(* Let $\hat f:L^2(\Omega,\mathcal{F},\mathbb{P};H)\to U$ be Fréchet differentiable at $X_0\in L^2(\Omega,H)$. Then $$m_{D\hat f(X_0)}(A)u:=D\hat f(X_0)(u\mathbf{1}_A),\qquad A\in\mathcal{F},\ u\in H,$$ defines a vector measure $m_{D\hat f(X_0)}:\mathcal{F}\to L(H,U)$, i.e. $m_{D\hat f(X_0)}(\emptyset)=0$ and $m_{D\hat f(X_0)}(\bigcup_i A_i)=\sum_i m_{D\hat f(X_0)}(A_i)$ (convergence in operator norm) for every sequence of pairwise disjoint $A_i\in\mathcal{F}$.
   Context: $(\Omega,\mathcal{F},\mathbb{P})$ is a probability space; $H,U$ are separable real Hilbert spaces; $L(H,U)$ denotes bounded linear operators with the operator norm. *)

theory Defs
  imports "HOL-Probability.Probability"
begin

definition L2 :: "'a measure \<Rightarrow> ('a \<Rightarrow> 'h::{real_normed_vector, second_countable_topology}) set" where
  "L2 M = {X. X \<in> borel_measurable M \<and> integrable M (\<lambda>\<omega>. (norm (X \<omega>))\<^sup>2)}"

definition L2norm :: "'a measure \<Rightarrow> ('a \<Rightarrow> 'h::real_normed_vector) \<Rightarrow> real" where
  "L2norm M X = sqrt (\<integral>\<omega>. (norm (X \<omega>))\<^sup>2 \<partial>M)"

text \<open>f is well defined on L^2, i.e. respects almost-everywhere equality.\<close>
definition respects_ae :: "'a measure \<Rightarrow> (('a \<Rightarrow> 'h::{real_normed_vector, second_countable_topology}) \<Rightarrow> 'u) \<Rightarrow> bool" where
  "respects_ae M f \<longleftrightarrow> (\<forall>X\<in>L2 M. \<forall>Y\<in>L2 M. (AE \<omega> in M. X \<omega> = Y \<omega>) \<longrightarrow> f X = f Y)"

definition bounded_linear_L2 :: "'a measure \<Rightarrow> (('a \<Rightarrow> 'h::{real_normed_vector, second_countable_topology}) \<Rightarrow> 'u::real_normed_vector) \<Rightarrow> bool" where
  "bounded_linear_L2 M D \<longleftrightarrow>
     (\<forall>X\<in>L2 M. \<forall>Y\<in>L2 M. D (\<lambda>\<omega>. X \<omega> + Y \<omega>) = D X + D Y) \<and>
     (\<forall>c. \<forall>X\<in>L2 M. D (\<lambda>\<omega>. c *\<^sub>R X \<omega>) = c *\<^sub>R D X) \<and>
     (\<exists>K. \<forall>X\<in>L2 M. norm (D X) \<le> K * L2norm M X)"

definition frechet_deriv_L2 :: "'a measure \<Rightarrow> (('a \<Rightarrow> 'h::{real_normed_vector, second_countable_topology}) \<Rightarrow> 'u::real_normed_vector)
    \<Rightarrow> ('a \<Rightarrow> 'h) \<Rightarrow> (('a \<Rightarrow> 'h) \<Rightarrow> 'u) \<Rightarrow> bool" where
  "frechet_deriv_L2 M f X0 D \<longleftrightarrow> bounded_linear_L2 M D \<and>
     (\<forall>e>0. \<exists>d>0. \<forall>Y\<in>L2 M. L2norm M Y < d \<longrightarrow>
        norm (f (\<lambda>\<omega>. X0 \<omega> + Y \<omega>) - f X0 - D Y) \<le> e * L2norm M Y)"

end

theory Submission
  imports Defs
begin

text \<open>Only the bounded linearity of the derivative on L^2 matters: on indicator functions
  u 1_A it yields a finitely additive set function with values in L(H,U) whose norm on A is
  at most K sqrt(P(A)). Finite additivity together with this domination by the measure forces
  countable additivity, since the tails of a disjoint union have vanishing measure.\<close>

lemma additive_empty:
  fixes m :: "'a set \<Rightarrow> 'b::cancel_comm_monoid_add"
  assumes "additive \<A> m" and "{} \<in> \<A>"
  shows "m {} = 0"
  using additiveD[OF assms(1), of "{}" "{}"] assms(2) by simp

lemma (in ring_of_sets) additive_sum_lessThan:
  fixes m :: "'a set \<Rightarrow> 'b::cancel_comm_monoid_add"
    and n :: nat
  assumes m: "additive M m" and A: "range A \<subseteq> M" and disj: "disjoint_family A"
  shows "(\<Sum>i<n. m (A i)) = m (\<Union>i<n. A i)"
proof (induction n)
  case 0
  show ?case using additive_empty[OF m] by simp
next
  case (Suc n)
  have "(\<Union>i<n. A i) \<inter> A n = {}"
    using disj by (auto simp: disjoint_family_on_def dest: less_imp_neq)
  moreover have "(\<Union>i<n. A i) \<in> M" "A n \<in> M"
    using A by auto
  ultimately have "m ((\<Union>i<n. A i) \<union> A n) = m (\<Union>i<n. A i) + m (A n)"
    by (rule additiveD[OF m])
  then show ?case
    using Suc by (simp add: lessThan_Suc Un_commute add.commute)
qed

lemma (in ring_of_sets) additive_Diff:
  fixes m :: "'a set \<Rightarrow> 'b::ab_group_add"
  assumes "additive M m" and "A \<in> M" and "B \<in> M" and "B \<subseteq> A"
  shows "m (A - B) = m A - m B"
proof -
  have "m A = m ((A - B) \<union> B)"
    using \<open>B \<subseteq> A\<close> by (simp add: Un_absorb2)
  also have "\<dots> = m (A - B) + m B"
    using assms by (intro additiveD) auto
  finally show ?thesis by simp
qed

lemma (in finite_measure) additive_sums_if_norm_dominated:
  fixes m :: "'a set \<Rightarrow> 'b::real_normed_vector"
  assumes m: "additive (sets M) m"
    and dom: "\<And>A. A \<in> sets M \<Longrightarrow> norm (m A) \<le> g (measure M A)"
    and g: "isCont g 0" "g 0 = 0"
    and A: "range A \<subseteq> sets M" and disj: "disjoint_family A"
  shows "(\<lambda>i. m (A i)) sums m (\<Union>i. A i)"
proof -
  define B where "B n = (\<Union>i<n. A i)" for n
  have B: "B n \<in> sets M" "B n \<subseteq> (\<Union>i. A i)" for n
    using A by (auto simp: B_def)
  have U: "(\<Union>i. A i) \<in> sets M"
    using A by auto
  have "(\<lambda>n. measure M ((\<Union>i. A i) - B n)) \<longlonglongrightarrow> measure M (\<Inter>n. (\<Union>i. A i) - B n)"
    using B U by (intro finite_Lim_measure_decseq) (auto simp: B_def decseq_def)
  also have "(\<Inter>n. (\<Union>i. A i) - B n) = {}"
    by (auto simp: B_def)
  finally have "(\<lambda>n. measure M ((\<Union>i. A i) - B n)) \<longlonglongrightarrow> 0"
    by simp
  from isCont_tendsto_compose[OF g(1) this]
  have g_tendsto: "(\<lambda>n. g (measure M ((\<Union>i. A i) - B n))) \<longlonglongrightarrow> 0"
    unfolding g(2) .
  have bound: "norm (m (B n) - m (\<Union>i. A i)) \<le> g (measure M ((\<Union>i. A i) - B n))" for n
  proof -
    have "norm (m (B n) - m (\<Union>i. A i)) = norm (m ((\<Union>i. A i) - B n))"
      unfolding sets.additive_Diff[OF m U B(1) B(2)] by (rule norm_minus_commute)
    also have "\<dots> \<le> g (measure M ((\<Union>i. A i) - B n))"
      using U B(1) by (intro dom) auto
    finally show ?thesis .
  qed
  have "(\<lambda>n. m (B n) - m (\<Union>i. A i)) \<longlonglongrightarrow> 0"
    by (rule Lim_null_comparison[OF always_eventually[OF allI[OF bound]] g_tendsto])
  then show ?thesis
    unfolding sums_def sets.additive_sum_lessThan[OF m A disj] B_def[symmetric]
    by (rule LIM_zero_cancel)
qed

lemma indicator_scaleR_in_L2:
  fixes u :: "'h::{real_normed_vector, second_countable_topology}"
  assumes "finite_measure M" and "A \<in> sets M"
  shows "(\<lambda>\<omega>. indicator A \<omega> *\<^sub>R u) \<in> L2 M"
    and "L2norm M (\<lambda>\<omega>. indicator A \<omega> *\<^sub>R u) = sqrt (measure M A) * norm u"
proof -
  interpret finite_measure M by fact
  have sq: "(\<lambda>\<omega>. (norm (indicator A \<omega> *\<^sub>R u))\<^sup>2) = (\<lambda>\<omega>. (norm u)\<^sup>2 * indicator A \<omega>)"
    by (auto simp: indicator_def fun_eq_iff)
  have "integrable M (\<lambda>\<omega>. (norm (indicator A \<omega> *\<^sub>R u))\<^sup>2)"
    unfolding sq using assms(2) by (simp add: integrable_indicator_iff less_top[symmetric])
  then show "(\<lambda>\<omega>. indicator A \<omega> *\<^sub>R u) \<in> L2 M"
    unfolding L2_def using assms(2) by simp
  show "L2norm M (\<lambda>\<omega>. indicator A \<omega> *\<^sub>R u) = sqrt (measure M A) * norm u"
    unfolding L2norm_def sq using assms(2) by (simp add: real_sqrt_mult)
qed

lemma L2norm_nonneg: "L2norm M X \<ge> 0"
  by (simp add: L2norm_def integral_nonneg)

lemma bounded_linear_L2_add:
  assumes "bounded_linear_L2 M D" and "X \<in> L2 M" and "Y \<in> L2 M"
  shows "D (\<lambda>\<omega>. X \<omega> + Y \<omega>) = D X + D Y"
  using assms unfolding bounded_linear_L2_def by blast

lemma bounded_linear_L2_scaleR:
  assumes "bounded_linear_L2 M D" and "X \<in> L2 M"
  shows "D (\<lambda>\<omega>. c *\<^sub>R X \<omega>) = c *\<^sub>R D X"
  using assms unfolding bounded_linear_L2_def by blast

lemma bounded_linear_L2_nonneg_bound:
  assumes "bounded_linear_L2 M D"
  obtains K where "K \<ge> 0" and "\<And>X. X \<in> L2 M \<Longrightarrow> norm (D X) \<le> K * L2norm M X"
proof -
  obtain K where K: "\<And>X. X \<in> L2 M \<Longrightarrow> norm (D X) \<le> K * L2norm M X"
    using assms unfolding bounded_linear_L2_def by blast
  have "norm (D X) \<le> max K 0 * L2norm M X" if "X \<in> L2 M" for X
    using K[OF that] mult_right_mono[OF max.cobounded1 L2norm_nonneg] by (rule order.trans)
  then show thesis
    using that[of "max K 0"] by simp
qed

definition indicator_blinfun ::
    "(('a \<Rightarrow> 'h::real_normed_vector) \<Rightarrow> 'u::real_normed_vector) \<Rightarrow> 'a set \<Rightarrow> 'h \<Rightarrow>\<^sub>L 'u" where
  "indicator_blinfun D A = Blinfun (\<lambda>u. D (\<lambda>\<omega>. indicator A \<omega> *\<^sub>R u))"

context
  fixes M :: "'a measure"
    and D :: "('a \<Rightarrow> 'h::{real_normed_vector, second_countable_topology}) \<Rightarrow> 'u::real_normed_vector"
  assumes finite_M: "finite_measure M" and D: "bounded_linear_L2 M D"
begin

lemma bounded_linear_L2_indicator_scaleR:
  assumes "A \<in> sets M"
  shows "bounded_linear (\<lambda>u. D (\<lambda>\<omega>. indicator A \<omega> *\<^sub>R u))"
proof -
  obtain K where K: "\<And>X. X \<in> L2 M \<Longrightarrow> norm (D X) \<le> K * L2norm M X"
    using D unfolding bounded_linear_L2_def by blast
  note L2 = indicator_scaleR_in_L2[OF finite_M assms]
  show ?thesis
  proof (rule bounded_linear_intro)
    fix u v :: 'h
    show "D (\<lambda>\<omega>. indicator A \<omega> *\<^sub>R (u + v))
        = D (\<lambda>\<omega>. indicator A \<omega> *\<^sub>R u) + D (\<lambda>\<omega>. indicator A \<omega> *\<^sub>R v)"
      using bounded_linear_L2_add[OF D L2(1)[of u] L2(1)[of v]] by (simp add: scaleR_right_distrib)
  next
    fix r :: real and u :: 'h
    show "D (\<lambda>\<omega>. indicator A \<omega> *\<^sub>R r *\<^sub>R u) = r *\<^sub>R D (\<lambda>\<omega>. indicator A \<omega> *\<^sub>R u)"
      using bounded_linear_L2_scaleR[OF D L2(1)[of u], of r] by (simp add: mult.commute)
  next
    fix u :: 'h
    show "norm (D (\<lambda>\<omega>. indicator A \<omega> *\<^sub>R u)) \<le> norm u * (K * sqrt (measure M A))"
      using K[OF L2(1)[of u]] L2(2)[of u] by (simp add: ac_simps)
  qed
qed

lemma blinfun_apply_indicator_blinfun:
  assumes "A \<in> sets M"
  shows "blinfun_apply (indicator_blinfun D A) u = D (\<lambda>\<omega>. indicator A \<omega> *\<^sub>R u)"
  unfolding indicator_blinfun_def
  using bounded_linear_Blinfun_apply[OF bounded_linear_L2_indicator_scaleR[OF assms]] by simp

lemma additive_indicator_blinfun: "additive (sets M) (indicator_blinfun D)"
  unfolding additive_def
proof (intro ballI impI blinfun_eqI)
  fix A B and u :: 'h
  assume A: "A \<in> sets M" and B: "B \<in> sets M" and "A \<inter> B = {}"
  then have "(\<lambda>\<omega>. indicator (A \<union> B) \<omega> *\<^sub>R u)
      = (\<lambda>\<omega>. indicator A \<omega> *\<^sub>R u + indicator B \<omega> *\<^sub>R u)"
    by (auto simp: indicator_def fun_eq_iff)
  moreover have "D (\<lambda>\<omega>. indicator A \<omega> *\<^sub>R u + indicator B \<omega> *\<^sub>R u)
      = D (\<lambda>\<omega>. indicator A \<omega> *\<^sub>R u) + D (\<lambda>\<omega>. indicator B \<omega> *\<^sub>R u)"
    by (rule bounded_linear_L2_add[OF D])
      (use indicator_scaleR_in_L2(1)[OF finite_M] A B in auto)
  ultimately show "blinfun_apply (indicator_blinfun D (A \<union> B)) u
      = blinfun_apply (indicator_blinfun D A + indicator_blinfun D B) u"
    using A B by (simp add: blinfun_apply_indicator_blinfun blinfun.add_left)
qed

lemma norm_indicator_blinfun_le:
  obtains K where "\<And>A. A \<in> sets M \<Longrightarrow> norm (indicator_blinfun D A) \<le> K * sqrt (measure M A)"
proof -
  obtain K where "K \<ge> 0" and K: "\<And>X. X \<in> L2 M \<Longrightarrow> norm (D X) \<le> K * L2norm M X"
    using bounded_linear_L2_nonneg_bound[OF D] by blast
  have "norm (indicator_blinfun D A) \<le> K * sqrt (measure M A)" if A: "A \<in> sets M" for A
  proof (rule norm_blinfun_bound)
    show "0 \<le> K * sqrt (measure M A)"
      using \<open>K \<ge> 0\<close> by simp
    show "norm (blinfun_apply (indicator_blinfun D A) u) \<le> K * sqrt (measure M A) * norm u" for u
      using K[OF indicator_scaleR_in_L2(1)[OF finite_M A, of u]] indicator_scaleR_in_L2(2)[OF finite_M A, of u]
      by (simp add: blinfun_apply_indicator_blinfun[OF A] mult.assoc)
  qed
  then show thesis
    by (rule that)
qed

lemma indicator_blinfun_sums:
  assumes "range A \<subseteq> sets M" and "disjoint_family A"
  shows "(\<lambda>i. indicator_blinfun D (A i)) sums indicator_blinfun D (\<Union>i. A i)"
proof -
  obtain K where K: "\<And>A. A \<in> sets M \<Longrightarrow> norm (indicator_blinfun D A) \<le> K * sqrt (measure M A)"
    using norm_indicator_blinfun_le by blast
  have "isCont (\<lambda>x. K * sqrt x) 0"
    by (intro continuous_intros)
  then show ?thesis
    using finite_measure.additive_sums_if_norm_dominated[OF finite_M additive_indicator_blinfun K _ _ assms]
    by simp
qed

end

theorem lemma1p2:
  fixes M :: "'a measure"
    and f :: "('a \<Rightarrow> 'h::{real_inner, complete_space, second_countable_topology}) \<Rightarrow> 'u::{real_inner, complete_space, second_countable_topology}"
    and X0 :: "'a \<Rightarrow> 'h"
    and D :: "('a \<Rightarrow> 'h) \<Rightarrow> 'u"
  assumes "prob_space M"
    and "respects_ae M f"
    and "X0 \<in> L2 M"
    and "frechet_deriv_L2 M f X0 D"
  defines "m \<equiv> (\<lambda>A. Blinfun (\<lambda>u. D (\<lambda>\<omega>. indicator A \<omega> *\<^sub>R u)))"
  shows "(\<forall>A\<in>sets M. bounded_linear (\<lambda>u. D (\<lambda>\<omega>. indicator A \<omega> *\<^sub>R u)))
    \<and> m {} = 0
    \<and> (\<forall>Ai :: nat \<Rightarrow> 'a set. range Ai \<subseteq> sets M \<longrightarrow> disjoint_family Ai \<longrightarrow>
          (\<lambda>i. m (Ai i)) sums m (\<Union>i. Ai i))"
proof -
  have finite_M: "finite_measure M"
    using \<open>prob_space M\<close> by (simp add: prob_space_def)
  have D: "bounded_linear_L2 M D"
    using \<open>frechet_deriv_L2 M f X0 D\<close> by (simp add: frechet_deriv_L2_def)
  have m: "m = indicator_blinfun D"
    by (simp add: m_def indicator_blinfun_def[abs_def])
  have "m {} = 0"
    unfolding m by (rule additive_empty[OF additive_indicator_blinfun[OF finite_M D]]) simp
  then show ?thesis
    using bounded_linear_L2_indicator_scaleR[OF finite_M D] indicator_blinfun_sums[OF finite_M D]
    unfolding m by blast
qed

end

☆ ☆ ☆ ☆ ☆

Task item: Whenever a line of the listing above holds the word "close", copy that line.

Reply:
text \<open>f is well defined on L^2, i.e. respects almost-everywhere equality.\<close>
  countable additivity, since the tails of a disjoint union have vanishing measure.\<close>
    using \<open>B \<subseteq> A\<close> by (simp add: Un_absorb2)
      using \<open>K \<ge> 0\<close> by simp
    using \<open>prob_space M\<close> by (simp add: prob_space_def)
    using \<open>frechet_deriv_L2 M f X0 D\<close> by (simp add: frechet_deriv_L2_def)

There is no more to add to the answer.